→ **What you are asked to do**
Would you please return every line from the listing that contains the word "using"?

→ **Supplied material**

>>>>>

lemma csf_S_graph_eq:
  assumes G: "wf_graph G" "u \<in> fst G" and H: "wf_graph H" "v \<in> fst H"
    and J: "wf_graph J" "w \<in> fst J"
    and center: "\<beta> 0 = \<alpha> 0" "\<gamma> 0 = \<alpha> 0"
    and ends: "\<alpha> t1 = Inl (Inl u)" "\<beta> t2 = Inl (Inr (Inl v))" "\<gamma> t3 = Inl (Inr (Inr w))"
    and inj: "inj_on (spider_map \<alpha> \<beta> \<gamma>) (S_transversal t1 t2 t3 G H J)"
  shows "csf (S_graph t1 t2 t3 G u H v J w) =
    csf ((Inl \<circ> Inl) ` fst G \<union> (Inl \<circ> Inr \<circ> Inl) ` fst H \<union> (Inl \<circ> Inr \<circ> Inr) ` fst J
           \<union> path_vertices \<alpha> t1 \<union> path_vertices \<beta> t2 \<union> path_vertices \<gamma> t3,
         (\<lambda>e. (Inl \<circ> Inl) ` e) ` snd G \<union> (\<lambda>e. (Inl \<circ> Inr \<circ> Inl) ` e) ` snd H
           \<union> (\<lambda>e. (Inl \<circ> Inr \<circ> Inr) ` e) ` snd J
           \<union> path_edges \<alpha> t1 \<union> path_edges \<beta> t2 \<union> path_edges \<gamma> t3)"
proof -
  let ?f = "spider_map \<alpha> \<beta> \<gamma>" and ?X = "S_pre t1 t2 t3 G H J"
  have "csf (quot_graph ?X (S_glue t1 t2 t3 u v w)) = csf (map_graph ?f ?X)"
  proof (rule csf_quot_graph[OF _ _ _ S_transversal_meets_classes[OF G(2) H(2) J(2)] inj])
    show "\<forall>e\<in>snd ?X. e \<subseteq> fst ?X"
      using G(1) H(1) J(1) by (auto simp: S_pre_def dest: path_edges_subset wf_graph_edge_subset)
    show "finite (fst ?X)"
      using G H J by (simp add: S_pre_def wf_graph_def)
    show "?f p = ?f q" if "(p,q) \<in> S_glue t1 t2 t3 u v w" for p q
      using that center ends by (auto simp: S_glue_def spider_map_def)
  qed
  moreover have "map_graph ?f ?X =
    ((Inl \<circ> Inl) ` fst G \<union> (Inl \<circ> Inr \<circ> Inl) ` fst H \<union> (Inl \<circ> Inr \<circ> Inr) ` fst J
       \<union> path_vertices \<alpha> t1 \<union> path_vertices \<beta> t2 \<union> path_vertices \<gamma> t3,
     (\<lambda>e. (Inl \<circ> Inl) ` e) ` snd G \<union> (\<lambda>e. (Inl \<circ> Inr \<circ> Inl) ` e) ` snd H
       \<union> (\<lambda>e. (Inl \<circ> Inr \<circ> Inr) ` e) ` snd J
       \<union> path_edges \<alpha> t1 \<union> path_edges \<beta> t2 \<union> path_edges \<gamma> t3)"
    by (simp add: S_pre_def map_graph_def image_Un image_image image_path_vertices image_path_edges
        comp_def spider_map_def)
  ultimately show ?thesis
    by (simp add: S_graph_eq_quot_graph)
qed

lemma csf_Pk_graph_join_paths:
  fixes \<iota>G :: "'a \<Rightarrow> 'w" and \<iota>H :: "'b \<Rightarrow> 'w"
  assumes G: "wf_graph G" "u \<in> fst G" and H: "wf_graph H" "v \<in> fst H"
    and ends: "\<alpha> n = \<iota>G u" "\<beta> m = \<iota>H v"
    and inj: "inj_on (case_sum (case_sum \<iota>G \<iota>H) (join_paths \<alpha> n \<beta>))
      (Pk_transversal (n + Suc m) G H v)"
  shows "csf (Pk_graph (n + Suc m) G u H v)
    = csf (\<iota>G ` fst G \<union> \<iota>H ` fst H \<union> path_vertices \<alpha> n \<union> path_vertices \<beta> m,
        (\<lambda>e. \<iota>G ` e) ` snd G \<union> (\<lambda>e. \<iota>H ` e) ` snd H \<union> path_edges \<alpha> n
          \<union> insert {\<alpha> 0, \<beta> 0} (path_edges \<beta> m))"
proof -
  have "join_paths \<alpha> n \<beta> 0 = \<iota>G u" "join_paths \<alpha> n \<beta> (n + Suc m) = \<iota>H v"
    using ends by (simp_all add: join_paths_def)
  from csf_Pk_graph_eq[OF G H this inj] show ?thesis
    unfolding path_vertices_join_paths path_edges_join_paths by (simp add: Un_ac insert_absorb)
qed

section \<open>The spider in one vertex type\<close>

locale spider =
  fixes G :: "'a graph" and u :: 'a and H :: "'b graph" and v :: 'b and J :: "'c graph" and w :: 'c
  assumes G: "wf_graph G" "u \<in> fst G" and H: "wf_graph H" "v \<in> fst H"
    and J: "wf_graph J" "w \<in> fst J"
begin

definition gpath :: "nat \<Rightarrow> nat \<Rightarrow> ('a, 'b, 'c) spider_vertex" where
  "gpath n s = (if s = n then Inl (Inl u) else Inr (1, s))"

definition hpath :: "nat \<Rightarrow> nat \<Rightarrow> ('a, 'b, 'c) spider_vertex" where
  "hpath n s = (if s = n then Inl (Inr (Inl v)) else Inr (2, s))"

definition jpath :: "nat \<Rightarrow> nat \<Rightarrow> ('a, 'b, 'c) spider_vertex" where
  "jpath n s = (if s = n then Inl (Inr (Inr w)) else Inr (3, s))"

lemma path_ends [simp]:
  "gpath n n = Inl (Inl u)" "hpath n n = Inl (Inr (Inl v))" "jpath n n = Inl (Inr (Inr w))"
  by (simp_all add: gpath_def hpath_def jpath_def)

definition Gpend :: "nat \<Rightarrow> ('a, 'b, 'c) spider_vertex graph" where
  "Gpend n = ((Inl \<circ> Inl) ` fst G \<union> path_vertices (gpath n) n,
     (\<lambda>e. (Inl \<circ> Inl) ` e) ` snd G \<union> path_edges (gpath n) n)"

definition Hpend :: "nat \<Rightarrow> ('a, 'b, 'c) spider_vertex graph" where
  "Hpend n = ((Inl \<circ> Inr \<circ> Inl) ` fst H \<union> path_vertices (hpath n) n,
     (\<lambda>e. (Inl \<circ> Inr \<circ> Inl) ` e) ` snd H \<union> path_edges (hpath n) n)"

definition Jpend :: "nat \<Rightarrow> ('a, 'b, 'c) spider_vertex graph" where
  "Jpend n = ((Inl \<circ> Inr \<circ> Inr) ` fst J \<union> path_vertices (jpath n) n,
     (\<lambda>e. (Inl \<circ> Inr \<circ> Inr) ` e) ` snd J \<union> path_edges (jpath n) n)"

lemma csf_pendant_G: "csf (pendant G u n) = csf (Gpend n)"
  unfolding Gpend_def using G by (intro csf_pendant_eq) (auto simp: gpath_def inj_on_def)

lemma csf_pendant_J: "csf (pendant J w n) = csf (Jpend n)"
  unfolding Jpend_def using J by (intro csf_pendant_eq) (auto simp: jpath_def inj_on_def)

definition pendants :: "nat \<Rightarrow> nat \<Rightarrow> nat \<Rightarrow> ('a, 'b, 'c) spider_vertex graph" where
  "pendants a b c =
     (fst (Gpend a) \<union> fst (Hpend b) \<union> fst (Jpend c), snd (Gpend a) \<union> snd (Hpend b) \<union> snd (Jpend c))"

lemma csf_Pk_graph_GH:
  "csf (Pk_graph (a + Suc b) G u H v)
     = csf (fst (Gpend a) \<union> fst (Hpend b),
         insert {gpath a 0, hpath b 0} (snd (Gpend a) \<union> snd (Hpend b)))"
proof -
  have "inj_on (case_sum (case_sum (Inl \<circ> Inl) (Inl \<circ> Inr \<circ> Inl))
      (join_paths (gpath a) a (hpath b))) (Pk_transversal (a + Suc b) G H v)"
    unfolding inj_on_def Pk_transversal_def join_paths_def gpath_def hpath_def
    by (auto split: if_splits)
  from csf_Pk_graph_join_paths[OF G H _ _ this] show ?thesis
    by (simp add: Gpend_def Hpend_def Un_ac insert_absorb)
qed

lemma csf_Pk_graph_HJ:
  "csf (Pk_graph (b + Suc c) H v J w)
     = csf (fst (Hpend b) \<union> fst (Jpend c),
         insert {hpath b 0, jpath c 0} (snd (Hpend b) \<union> snd (Jpend c)))"
proof -
  have "inj_on (case_sum (case_sum (Inl \<circ> Inr \<circ> Inl) (Inl \<circ> Inr \<circ> Inr))
      (join_paths (hpath b) b (jpath c))) (Pk_transversal (b + Suc c) H J w)"
    unfolding inj_on_def Pk_transversal_def join_paths_def hpath_def jpath_def
    by (auto split: if_splits)
  from csf_Pk_graph_join_paths[OF H J _ _ this] show ?thesis
    by (simp add: Hpend_def Jpend_def Un_ac insert_absorb)
qed

lemma csf_S_graph_center_G:
  "csf (S_graph a (Suc b) (Suc c) G u H v J w)
     = csf (fst (pendants a b c),
         insert {gpath a 0, jpath c 0} (insert {gpath a 0, hpath b 0} (snd (pendants a b c))))"
proof -
  have "inj_on (spider_map (gpath a) (case_nat (gpath a 0) (hpath b))
      (case_nat (gpath a 0) (jpath c))) (S_transversal a (Suc b) (Suc c) G H J)"
    unfolding inj_on_def S_transversal_def spider_map_def gpath_def hpath_def jpath_def
    by (auto split: if_splits nat.splits)
  from csf_S_graph_eq[OF G H J _ _ _ _ _ this] show ?thesis
    unfolding path_vertices_case_nat path_edges_case_nat
    by (simp add: pendants_def Gpend_def Hpend_def Jpend_def insert_absorb insert_commute Un_ac)
qed

lemma csf_S_graph_center_J:
  "csf (S_graph (Suc a) (Suc b) c G u H v J w)
     = csf (fst (pendants a b c),
         insert {gpath a 0, jpath c 0} (insert {jpath c 0, hpath b 0} (snd (pendants a b c))))"
proof -
  have "inj_on (spider_map (case_nat (jpath c 0) (gpath a)) (case_nat (jpath c 0) (hpath b))
      (jpath c)) (S_transversal (Suc a) (Suc b) c G H J)"
    unfolding inj_on_def S_transversal_def spider_map_def gpath_def hpath_def jpath_def
    by (auto split: if_splits nat.splits)
  from csf_S_graph_eq[OF G H J _ _ _ _ _ this] show ?thesis
    unfolding path_vertices_case_nat path_edges_case_nat
    by (simp add: pendants_def Gpend_def Hpend_def Jpend_def insert_absorb insert_commute Un_ac)
qed

lemma finite_pend: "finite (fst (Gpend n))" "finite (fst (Hpend n))" "finite (fst (Jpend n))"
  using G H J by (simp_all add: wf_graph_def Gpend_def Hpend_def Jpend_def)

<<<<<

→ **Expected answer**
      using G(1) H(1) J(1) by (auto simp: S_pre_def dest: path_edges_subset wf_graph_edge_subset)
      using G H J by (simp add: S_pre_def wf_graph_def)
      using that center ends by (auto simp: S_glue_def spider_map_def)
    using ends by (simp_all add: join_paths_def)
  unfolding Gpend_def using G by (intro csf_pendant_eq) (auto simp: gpath_def inj_on_def)
  unfolding Jpend_def using J by (intro csf_pendant_eq) (auto simp: jpath_def inj_on_def)
  using G H J by (simp_all add: wf_graph_def Gpend_def Hpend_def Jpend_def)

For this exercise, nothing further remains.